▶ [WHAT YOU HAVE TO DO]:
Across the whole listing, find how many lines contain "ultimately", then write that number and nothing else.

▶ [INPUT MATERIAL]:
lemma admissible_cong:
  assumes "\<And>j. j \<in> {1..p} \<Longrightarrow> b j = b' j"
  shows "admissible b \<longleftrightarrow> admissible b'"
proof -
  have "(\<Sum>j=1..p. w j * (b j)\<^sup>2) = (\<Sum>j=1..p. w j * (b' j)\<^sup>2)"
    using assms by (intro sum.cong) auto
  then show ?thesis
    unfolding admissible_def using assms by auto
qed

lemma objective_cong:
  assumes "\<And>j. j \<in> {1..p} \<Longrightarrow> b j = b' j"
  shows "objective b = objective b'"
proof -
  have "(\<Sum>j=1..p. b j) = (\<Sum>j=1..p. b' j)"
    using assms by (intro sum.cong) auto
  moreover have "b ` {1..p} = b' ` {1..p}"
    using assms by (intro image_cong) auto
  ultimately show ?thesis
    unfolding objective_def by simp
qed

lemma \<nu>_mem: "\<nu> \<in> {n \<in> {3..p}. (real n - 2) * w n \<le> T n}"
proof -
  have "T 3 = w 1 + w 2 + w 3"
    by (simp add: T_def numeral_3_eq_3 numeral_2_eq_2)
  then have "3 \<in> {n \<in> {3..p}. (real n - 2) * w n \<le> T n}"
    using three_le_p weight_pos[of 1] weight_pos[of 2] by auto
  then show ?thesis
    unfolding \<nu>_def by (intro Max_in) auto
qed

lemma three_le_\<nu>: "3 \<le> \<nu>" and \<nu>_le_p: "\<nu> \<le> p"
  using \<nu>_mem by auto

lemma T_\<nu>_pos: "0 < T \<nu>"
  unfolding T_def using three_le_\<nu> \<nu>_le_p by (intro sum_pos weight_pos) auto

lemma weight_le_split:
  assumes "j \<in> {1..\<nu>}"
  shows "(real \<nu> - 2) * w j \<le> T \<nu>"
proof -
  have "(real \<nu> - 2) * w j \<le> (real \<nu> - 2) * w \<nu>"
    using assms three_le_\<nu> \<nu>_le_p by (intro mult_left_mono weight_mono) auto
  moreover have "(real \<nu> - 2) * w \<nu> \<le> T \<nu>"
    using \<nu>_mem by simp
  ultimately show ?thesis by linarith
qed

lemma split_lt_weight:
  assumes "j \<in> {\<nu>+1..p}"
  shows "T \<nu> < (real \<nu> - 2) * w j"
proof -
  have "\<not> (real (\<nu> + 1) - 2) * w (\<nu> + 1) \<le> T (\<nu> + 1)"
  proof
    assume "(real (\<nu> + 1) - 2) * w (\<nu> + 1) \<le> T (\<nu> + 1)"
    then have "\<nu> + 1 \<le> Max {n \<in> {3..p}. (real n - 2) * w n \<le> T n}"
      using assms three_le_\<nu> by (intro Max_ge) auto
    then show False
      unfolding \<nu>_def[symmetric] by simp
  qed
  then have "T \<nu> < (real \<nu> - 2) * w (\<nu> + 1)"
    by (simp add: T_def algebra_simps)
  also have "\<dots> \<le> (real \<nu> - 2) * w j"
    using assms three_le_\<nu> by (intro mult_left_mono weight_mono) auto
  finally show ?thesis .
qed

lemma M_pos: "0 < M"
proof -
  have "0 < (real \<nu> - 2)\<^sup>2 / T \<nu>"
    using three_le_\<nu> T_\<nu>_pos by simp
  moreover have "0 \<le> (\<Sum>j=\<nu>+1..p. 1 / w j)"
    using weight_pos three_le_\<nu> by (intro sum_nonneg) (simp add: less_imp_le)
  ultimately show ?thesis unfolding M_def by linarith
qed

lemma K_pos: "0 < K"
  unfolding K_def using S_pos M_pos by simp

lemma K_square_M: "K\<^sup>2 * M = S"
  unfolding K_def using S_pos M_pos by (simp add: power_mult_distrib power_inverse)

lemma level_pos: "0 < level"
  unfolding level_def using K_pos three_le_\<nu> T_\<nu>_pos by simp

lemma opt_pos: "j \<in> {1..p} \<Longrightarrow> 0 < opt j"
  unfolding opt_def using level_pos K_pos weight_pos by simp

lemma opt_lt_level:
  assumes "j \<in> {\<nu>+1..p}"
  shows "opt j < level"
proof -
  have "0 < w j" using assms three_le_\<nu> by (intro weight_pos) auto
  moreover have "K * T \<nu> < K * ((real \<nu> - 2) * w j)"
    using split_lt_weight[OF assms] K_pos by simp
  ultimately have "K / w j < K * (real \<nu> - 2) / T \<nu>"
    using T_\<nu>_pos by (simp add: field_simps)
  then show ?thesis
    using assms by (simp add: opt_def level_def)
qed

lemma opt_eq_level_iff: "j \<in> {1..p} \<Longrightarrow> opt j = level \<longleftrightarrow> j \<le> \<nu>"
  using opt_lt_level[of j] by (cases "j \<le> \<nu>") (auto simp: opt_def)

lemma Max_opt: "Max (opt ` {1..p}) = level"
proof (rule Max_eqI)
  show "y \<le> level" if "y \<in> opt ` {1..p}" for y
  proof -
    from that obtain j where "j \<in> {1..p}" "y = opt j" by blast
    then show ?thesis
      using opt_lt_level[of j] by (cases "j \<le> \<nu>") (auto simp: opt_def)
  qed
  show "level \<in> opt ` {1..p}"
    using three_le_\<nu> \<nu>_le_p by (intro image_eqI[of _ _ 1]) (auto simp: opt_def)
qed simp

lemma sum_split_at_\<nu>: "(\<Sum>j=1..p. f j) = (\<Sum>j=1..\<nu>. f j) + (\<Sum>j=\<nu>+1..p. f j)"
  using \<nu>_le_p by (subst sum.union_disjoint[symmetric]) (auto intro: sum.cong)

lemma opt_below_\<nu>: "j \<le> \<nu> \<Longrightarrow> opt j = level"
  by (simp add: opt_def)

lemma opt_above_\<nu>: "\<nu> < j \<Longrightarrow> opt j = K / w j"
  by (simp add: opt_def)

▶ [TASK ANSWER]:
4